The biggest downside of viewing SharePoint 2013 audit reports is you need to generate this on the level of the site collection. If you have a lot of site collections, you get the idea it can take quite a while if you need to generate all these reports from a large number of site collections. Remember, SharePoint’s best friend is PowerShell which allows you to automate quite a lot of repetitive tasks and helps you do the job faster and more efficiently.

SharePoint auditing best practices

As with many things in SharePoint, it is important to have a good plan before you turn auditing on, because if you are not careful it could go bad really fast. You need to plan ahead and set the goals you want to accomplish with SharePoint Auditing, including:

  • Which governance and legal requirements do you want to meet?
  • Which audit events do you need to track?
  • How long do you need to store the audit data?

Firstly, as you have already learned you need to turn on auditing site collection by site collection. Doing so through the SharePoint UI can be tiresome and slow, it is highly recommended that you use PowerShell to automate this. Here is a script sample showing how this can be done:

#enable "Editing users and permissions" audit logs
$site = Get-SPSite
$site.Audit.AuditFlags = $site.Audit.AuditFlags -bor [Microsoft.SharePoint.SPAuditMaskType]::SecurityChange

Before turning on SharePoint auditing, be aware that it can have a major impact on your storage needs. Keep in mind that audit logs are stored inside the same SharePoint Content Databases where your site collections live. Your site collection storage might start to grow a lot faster, and this can give you a headache during future migrations when you have to deal with huge databases. With these concerns in mind, you might want to look at these best practices:

Set a strong retention policy

What retention policy will you set? Keep in mind that according to an IBM study, the average number of days to detect a breach is around 150-200 days varying by industry. You want to be well above that limit.

Choose the events you track wisely

Which events will you track? This selection can significantly increase the number of events logged in the audit log. You can expect that the biggest impact will come from turning on the option to log “Opened and downloaded documents, viewed items in lists, and viewed item properties“.

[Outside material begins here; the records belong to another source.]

definition short_step_chain :: "(real \<Rightarrow> 'a::metric_space \<Rightarrow> 'a) \<Rightarrow> real \<Rightarrow> nat \<Rightarrow> 'a \<Rightarrow> 'a \<Rightarrow> bool" where
  "short_step_chain F \<delta> n a b \<longleftrightarrow>
     (\<exists>N xs ts. n \<le> N \<and> xs 0 = a \<and> xs N = b \<and> (\<forall>i<N. ts i \<in> {1/2..1}) \<and> pseudo_orbit F \<delta> N xs ts)"

lemma semiflow_uniformly_continuous_unit_interval:
  fixes F :: "real \<Rightarrow> 'a::metric_space \<Rightarrow> 'a"
  assumes "compact (UNIV :: 'a set)" and "semiflow F"
  shows "uniformly_continuous_on ({0..1} \<times> UNIV) (\<lambda>(t, x). F t x)"
proof (rule compact_uniformly_continuous)
  show "continuous_on ({0..1} \<times> UNIV) (\<lambda>(t, x). F t x)"
    using assms(2) unfolding semiflow_def by (auto elim: continuous_on_subset)
  show "compact ({0..1::real} \<times> (UNIV :: 'a set))"
    by (intro compact_Times assms(1) compact_Icc)
qed

lemma uniformly_equicontinuous_unit_interval:
  fixes F :: "real \<Rightarrow> 'a::metric_space \<Rightarrow> 'b::metric_space"
  assumes "uniformly_continuous_on ({0..1} \<times> UNIV) (\<lambda>(t, x). F t x)" and "e > 0"
  shows "\<exists>\<eta>>0. \<forall>t\<in>{0..1}. \<forall>a b. dist a b < \<eta> \<longrightarrow> dist (F t a) (F t b) < e"
proof -
  obtain \<eta> where "\<eta> > 0" and \<eta>: "\<forall>p\<in>{0..1} \<times> UNIV. \<forall>q\<in>{0..1} \<times> UNIV.
      dist q p < \<eta> \<longrightarrow> dist ((\<lambda>(t, x). F t x) q) ((\<lambda>(t, x). F t x) p) < e"
    using assms unfolding uniformly_continuous_on_def by metis
  have "dist (F t a) (F t b) < e" if "t \<in> {0..1}" "dist a b < \<eta>" for t a b
    using \<eta>[rule_format, of "(t, b)" "(t, a)"] that by (simp add: dist_Pair_Pair)
  with \<open>\<eta> > 0\<close> show ?thesis by blast
qed

lemma semiflow_pseudo_orbit_tracking:
  fixes F :: "real \<Rightarrow> 'a::metric_space \<Rightarrow> 'a"
  assumes "semiflow F" and uc: "uniformly_continuous_on ({0..1} \<times> UNIV) (\<lambda>(t, x). F t x)"
    and "\<epsilon> > 0"
  shows "\<exists>\<delta>>0. \<forall>xs ts j. j \<le> n \<longrightarrow> (\<forall>k<j. ts k \<in> {0..1}) \<longrightarrow> pseudo_orbit F \<delta> j xs ts \<longrightarrow>
           dist (F (\<Sum>k<j. ts k) (xs 0)) (xs j) < \<epsilon>"
  using \<open>\<epsilon> > 0\<close>
proof (induction n arbitrary: \<epsilon>)
  case 0
  have "F 0 = id" using \<open>semiflow F\<close> unfolding semiflow_def by simp
  with 0 show ?case by (intro exI[of _ 1]) auto
next
  case (Suc n)
  obtain \<eta> where "\<eta> > 0" and \<eta>: "\<forall>t\<in>{0..1}. \<forall>a b. dist a b < \<eta> \<longrightarrow> dist (F t a) (F t b) < \<epsilon>/2"
    using uniformly_equicontinuous_unit_interval[OF uc, of "\<epsilon>/2"] Suc.prems by auto
  obtain \<delta> where "\<delta> > 0" and \<delta>: "\<forall>xs ts j. j \<le> n \<longrightarrow> (\<forall>k<j. ts k \<in> {0..1}) \<longrightarrow>
      pseudo_orbit F \<delta> j xs ts \<longrightarrow> dist (F (\<Sum>k<j. ts k) (xs 0)) (xs j) < min \<eta> \<epsilon>"
    using Suc.IH[of "min \<eta> \<epsilon>"] \<open>\<eta> > 0\<close> Suc.prems by auto
  have "dist (F (\<Sum>k<j. ts k) (xs 0)) (xs j) < \<epsilon>"
    if "j \<le> Suc n" and ts: "\<forall>k<j. ts k \<in> {0..1}" and orbit: "pseudo_orbit F (min \<delta> (\<epsilon>/2)) j xs ts"
    for xs ts j
  proof (cases "j \<le> n")
    case True
    then show ?thesis using \<delta> ts orbit by (fastforce simp: pseudo_orbit_def)
  next
    case False
    with \<open>j \<le> Suc n\<close> have j: "j = Suc n" by simp
    define S where "S = (\<Sum>k<n. ts k)"
    have "S \<ge> 0" "ts n \<in> {0..1}" using ts j unfolding S_def by (auto intro: sum_nonneg)
    then have flow: "F (\<Sum>k<j. ts k) (xs 0) = F (ts n) (F S (xs 0))"
      using \<open>semiflow F\<close> j unfolding semiflow_def S_def by (simp add: add.commute)
    have "dist (F S (xs 0)) (xs n) < \<eta>"
      using \<delta>[rule_format, of n ts xs] ts orbit j unfolding S_def pseudo_orbit_def by auto
    then have "dist (F (ts n) (F S (xs 0))) (F (ts n) (xs n)) < \<epsilon>/2"
      using \<eta> \<open>ts n \<in> {0..1}\<close> by blast
    moreover have "dist (F (ts n) (xs n)) (xs (Suc n)) < \<epsilon>/2"
      using orbit j unfolding pseudo_orbit_def by auto
    ultimately show ?thesis
      using flow j dist_triangle[of "F (ts n) (F S (xs 0))" "xs (Suc n)" "F (ts n) (xs n)"] by simp
  qed
  then show ?case using \<open>\<delta> > 0\<close> Suc.prems by (intro exI[of _ "min \<delta> (\<epsilon>/2)"]) auto
qed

Adjust the retention policy to your specific needs

Do you need to use the same policy for the entire farm? Think about where the sensitive content is being stored across your sites. Do you need to use the same retention policy and audit log options selection for all your site collections?

Save your audit logs to secure external location

To mitigate those issues it is a good practice to move your audit logs out of the content databases in a secure centralized location. Unfortunately, there is no such out-of-the-box solution inside SharePoint and you will have to go for a custom solution or a 3rd party vendor.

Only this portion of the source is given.